Pulse: Let Them Eat Cookies



When Amanda Bennett came to the Inquirer in 2003, reporters were excited by their new editor’s résumé: a career at the Wall Street Journal, authorship of thoughtful books, two Pulitzers. But since then, she has drifted out of view. (Staffwide e-mails slowed to a trickle in 2004 without explanation.) With newsroom enthusiasm waning, the editor has turned to a grandmatronly solution: baking cookies.

After the newspaper eliminated 15 percent of its employees last fall, Bennett, 53, invited the remaining staff to join her for a chat over “milk and cookies” near the copy desk. “No agenda,” she wrote in an e-mail. “Just Fig Newtons and Oreos.” A few days later, Bennett sent another invitation to the staff, this time for a holiday party of “punch and cookies” at her Queen Village home. Invitees were asked to register for one of five shifts — an effort, she wrote, to help move the large staff through her small house.

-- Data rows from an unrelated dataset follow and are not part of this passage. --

lemma periodic_ext_has_integral:
  assumes "a \<le> b"
  shows "(periodic_ext w p has_integral periodic_lift w H P b - periodic_lift w H P a) {a..b}"
proof (rule fundamental_theorem_of_calculus_interior_strong)
  let ?S = "(\<lambda>m. real_of_int m * w) ` {\<lfloor>a/w\<rfloor>..\<lceil>b/w\<rceil>}"
  show "finite ?S" by simp
  fix x assume x: "x \<in> {a<..<b} - ?S"
  have "x / w \<notin> \<int>"
  proof
    assume "x / w \<in> \<int>"
    then obtain m where m: "x / w = of_int m" by (auto elim: Ints_cases)
    have "a/w \<le> x/w" "x/w \<le> b/w" using x period_pos by (auto intro!: divide_right_mono)
    then have "m \<in> {\<lfloor>a/w\<rfloor>..\<lceil>b/w\<rceil>}" using m by (auto simp: floor_le_iff le_ceiling_iff)
    moreover have "x = m * w" using m period_pos by (simp add: field_simps)
    ultimately show False using x by auto
  qed
  then show "(periodic_lift w H P has_vector_derivative periodic_ext w p x) (at x)"
    using periodic_lift_deriv has_real_derivative_iff_has_vector_derivative by blast
qed (use assms continuous_on_periodic_lift in auto)

lemma periodic_ext_integral:
  assumes "continuous_on UNIV p" "\<And>z. 0 \<le> z \<Longrightarrow> z < w \<Longrightarrow> \<bar>p z\<bar> \<le> M" "a \<le> b"
  shows "(LBINT t:{a..b}. periodic_ext w p t) = periodic_lift w H P b - periodic_lift w H P a"
  using periodic_ext_set_integrable[OF assms(1) period_pos assms(2)]
    integral_unique[OF periodic_ext_has_integral[OF assms(3)]]
  by (simp add: set_borel_integral_eq_integral)

end

section \<open>The kink competitor\<close>

lemma sin_sq_add_int_pi: "(sin (pi * of_int m + t))\<^sup>2 = (sin t)\<^sup>2"
proof -
  have "(cos (pi * of_int m))\<^sup>2 = 1"
    using sin_cos_squared_add[of "pi * of_int m"] by simp
  then show ?thesis by (simp add: sin_add power_mult_distrib)
qed

locale kink_competitor =
  fixes \<beta> C :: real
  assumes \<beta>_pos: "\<beta> > 0" and C_pos: "C > 0"
begin

text \<open>The factor \<open>lam \<ge> 1\<close> stretches the kink so that it rises by exactly \<open>\<pi>\<close> across the
  cell \<open>[0, w]\<close>.\<close>

definition "lam = (pi/2) / arctan (sinh C)"
definition "w = 2 * C * \<beta>"
definition "rescale z = (z - C * \<beta>) / \<beta>"
definition "kink z = pi/2 + lam * arctan (sinh (rescale z))"
definition "kink_slope z = lam / (\<beta> * cosh (rescale z))"
definition "sech_sq z = 1 / (\<beta> * cosh (rescale z))\<^sup>2"
definition "sech_sq_primitive z = (tanh (rescale z) + tanh C) / \<beta>"

lemma period_pos: "w > 0"
  using \<beta>_pos C_pos by (simp add: w_def)

lemma rescale_0: "rescale 0 = - C" and rescale_period: "rescale w = C"
  using \<beta>_pos by (simp_all add: rescale_def w_def field_simps)

lemma continuous_rescale: "continuous_on S rescale"
  using \<beta>_pos unfolding rescale_def by (intro continuous_intros) auto

lemma rescale_deriv: "(rescale has_real_derivative 1 / \<beta>) (at z)"
  using \<beta>_pos unfolding rescale_def by (auto intro!: derivative_eq_intros)

lemma abs_arctan_sinh_rescale_le:
  assumes "0 \<le> z" "z \<le> w"
  shows "\<bar>arctan (sinh (rescale z))\<bar> \<le> arctan (sinh C)"
proof -
  have "- C \<le> rescale z" "rescale z \<le> C"
    using assms \<beta>_pos by (auto simp: rescale_def w_def field_simps)
  then show ?thesis by (simp add: abs_le_iff arctan_le_iff flip: arctan_minus sinh_minus)
qed

lemma lam_arctan: "lam * arctan (sinh C) = pi/2"
  using C_pos arctan_monotone[of 0 "sinh C"] by (simp add: lam_def)

lemma lam_ge_1: "1 \<le> lam"
  using C_pos arctan_monotone[of 0 "sinh C"] arctan_ubound[of "sinh C"] by (simp add: lam_def field_simps)

lemma abs_lam_arctan_le:
  assumes "0 \<le> z" "z \<le> w"
  shows "\<bar>lam * arctan (sinh (rescale z))\<bar> \<le> pi/2"
  using mult_left_mono[OF abs_arctan_sinh_rescale_le[OF assms], of lam] lam_ge_1 lam_arctan
  by (simp add: abs_mult)

lemma kink_0: "kink 0 = 0" and kink_period: "kink w = pi"
  using lam_arctan by (simp_all add: kink_def rescale_0 rescale_period arctan_minus)

lemma kink_deriv: "(kink has_real_derivative kink_slope z) (at z)"
proof -
  let ?s = "sinh (rescale z)" and ?c = "cosh (rescale z)"
  have "1 + ?s\<^sup>2 = ?c\<^sup>2" by (simp add: cosh_square_eq)
  then have slope: "lam * (inverse (1 + ?s\<^sup>2) * (?c * (1 / \<beta>))) = kink_slope z"
    using \<beta>_pos cosh_real_ge_1[of "rescale z"] by (simp add: kink_slope_def power2_eq_square field_simps)
  have "(kink has_real_derivative lam * (inverse (1 + ?s\<^sup>2) * (?c * (1 / \<beta>)))) (at z)"
    unfolding kink_def by (rule derivative_eq_intros DERIV_chain2[OF DERIV_arctan] rescale_deriv | simp)+
  then show ?thesis by (simp only: slope)
qed

lemma kink_nonneg: "0 \<le> z \<Longrightarrow> z \<le> w \<Longrightarrow> 0 \<le> kink z"
  using abs_lam_arctan_le by (fastforce simp: kink_def abs_le_iff)

lemma sin_kink_sq_le:
  assumes "0 \<le> z" "z \<le> w"
  shows "(sin (kink z))\<^sup>2 \<le> 1 / (cosh (rescale z))\<^sup>2"
proof -
  define a where "a = arctan (sinh (rescale z))"
  have t: "\<bar>lam * a\<bar> \<le> pi/2" using abs_lam_arctan_le[OF assms] by (simp add: a_def)
  have "\<bar>a\<bar> \<le> \<bar>lam * a\<bar>" using lam_ge_1 mult_right_mono[OF lam_ge_1, of "\<bar>a\<bar>"] by (simp add: abs_mult)
  then have "cos \<bar>lam * a\<bar> \<le> cos \<bar>a\<bar>" using t by (subst cos_mono_le_eq) auto
  moreover have "sin (kink z) = cos \<bar>lam * a\<bar>" by (simp add: kink_def a_def sin_add)
  moreover have "0 \<le> cos \<bar>lam * a\<bar>" using t by (intro cos_ge_zero) auto
  ultimately have "(sin (kink z))\<^sup>2 \<le> (cos a)\<^sup>2" by (simp add: power_mono)
  also have "\<dots> = 1 / (cosh (rescale z))\<^sup>2"
    by (simp add: a_def cos_arctan power_divide cosh_square_eq)
  finally show ?thesis .
qed
lemma expectation_output_critical_le:
  fixes Q :: "bool list \<Rightarrow> nat \<times> nat" and Out :: "bool list \<Rightarrow> nat set"
  assumes size: "4 * (2*k+1) \<le> n"
    and valid_output: "\<And>h. length h = n div 4 \<Longrightarrow> Out h \<subseteq> {0..<n} \<and> card (Out h) = 2*k+1"
  shows "measure_pmf.expectation (instance_pmf n)
           (\<lambda>pos. real (card (Out (run_hist Q (hard_tournament k pos) (n div 4)) \<inter> critical_set k n pos)))
       \<le> measure_pmf.expectation (instance_pmf n)
           (\<lambda>pos. real (card (critical_set k n pos \<inter> queried_set Q (hard_tournament k pos) (n div 4)))) / 2
         + real (2*k+1) / 2"
proof -
  define P where "P = {pos. pos permutes {0..<n}}"
  define hits where "hits pos = card (Out (run_hist Q (hard_tournament k pos) (n div 4)) \<inter> critical_set k n pos)" for pos
  define seen where "seen pos = card (critical_set k n pos \<inter> queried_set Q (hard_tournament k pos) (n div 4))" for pos
  have "finite P"
    unfolding P_def by (rule finite_permutations) simp
  have "P \<noteq> {}"
    unfolding P_def using permutes_id by blast
  have "card P > 0"
    using \<open>finite P\<close> \<open>P \<noteq> {}\<close> by (simp add: card_gt_0_iff)
  have "2 * sum hits P \<le> sum seen P + card P * (2*k+1)"
    using sum_card_output_critical_le[OF size valid_output]
    unfolding P_def hits_def seen_def by simp
  then have "2 * (\<Sum>pos\<in>P. real (hits pos)) \<le> (\<Sum>pos\<in>P. real (seen pos)) + real (card P) * real (2*k+1)"
    by (metis (mono_tags, lifting) of_nat_add of_nat_le_iff of_nat_mult of_nat_numeral of_nat_sum)
  with \<open>card P > 0\<close> show ?thesis
    unfolding instance_pmf_def P_def[symmetric] integral_pmf_of_set[OF \<open>P \<noteq> {}\<close> \<open>finite P\<close>]
      hits_def[symmetric] seen_def[symmetric]
    by (simp add: divide_simps) (simp add: mult.commute)
qed

theorem mainTheorem8:
  fixes n k :: nat
    and R :: "'r pmf"
    and Q :: "'r \<Rightarrow> bool list \<Rightarrow> nat \<times> nat"
    and Out :: "'r \<Rightarrow> bool list \<Rightarrow> nat set"
  assumes size: "4 * (2*k+1) \<le> n"
    and valid_queries: "\<And>r h. length h < n div 4 \<Longrightarrow>
        fst (Q r h) < n \<and> snd (Q r h) < n \<and> fst (Q r h) \<noteq> snd (Q r h)"
    and valid_output: "\<And>r h. length h = n div 4 \<Longrightarrow>
        Out r h \<subseteq> {0..<n} \<and> card (Out r h) = 2*k+1"
  shows "measure_pmf.expectation (pair_pmf (instance_pmf n) R)
           (\<lambda>(pos, r). real (card (Out r (run_hist (Q r) (hard_tournament k pos) (n div 4))
                                    \<inter> critical_set k n pos)))
         \<le> measure_pmf.expectation (pair_pmf (instance_pmf n) R)
              (\<lambda>(pos, r). real (card (critical_set k n pos
                                    \<inter> queried_set (Q r) (hard_tournament k pos) (n div 4)))) / 2
           + real (2*k+1) / 2"
proof -
  define hits where "hits = (\<lambda>(pos, r). real (card (Out r (run_hist (Q r) (hard_tournament k pos) (n div 4))
                                    \<inter> critical_set k n pos)))"
  define seen where "seen = (\<lambda>(pos, r). real (card (critical_set k n pos
                                    \<inter> queried_set (Q r) (hard_tournament k pos) (n div 4))))"
  have hits_bound: "\<bar>hits x\<bar> \<le> n" and seen_bound: "\<bar>seen x\<bar> \<le> n" for x
    unfolding hits_def seen_def
    by (simp_all add: split_def card_Int_critical_set_le Int_commute[of "critical_set _ _ _"])
  have "measure_pmf.expectation (pair_pmf (instance_pmf n) R) hits
      \<le> 1 / 2 * measure_pmf.expectation (pair_pmf (instance_pmf n) R) seen + real (2*k+1) / 2"
  proof (rule expectation_pair_pmf_le_affine_fibres[OF hits_bound seen_bound])
    fix r
    show "measure_pmf.expectation (instance_pmf n) (\<lambda>pos. hits (pos, r))
        \<le> 1 / 2 * measure_pmf.expectation (instance_pmf n) (\<lambda>pos. seen (pos, r)) + real (2*k+1) / 2"
      using expectation_output_critical_le[OF size, of "Out r" "Q r"] valid_output
      unfolding hits_def seen_def by simp
  qed
  then show ?thesis
    unfolding hits_def seen_def by simp
qed

end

Plus, “It will also let me know how many cookies to bake!”

When Bennett held a similar party in 2004, reporters rushed to sign up; this year, it appears few did. Two days after the initial invite, Bennett sent a reminder and an increasingly desperate appeal for RSVPs, and two days after that, a message headed “last chance” — “to tell me your favorite kind of cookie.” Attendees were treated to alcoholic punch and a wide variety of cookies described by one reporter as “fine, but not remarkable. And one would think, with all the baking she’s been doing lately, that they would be.”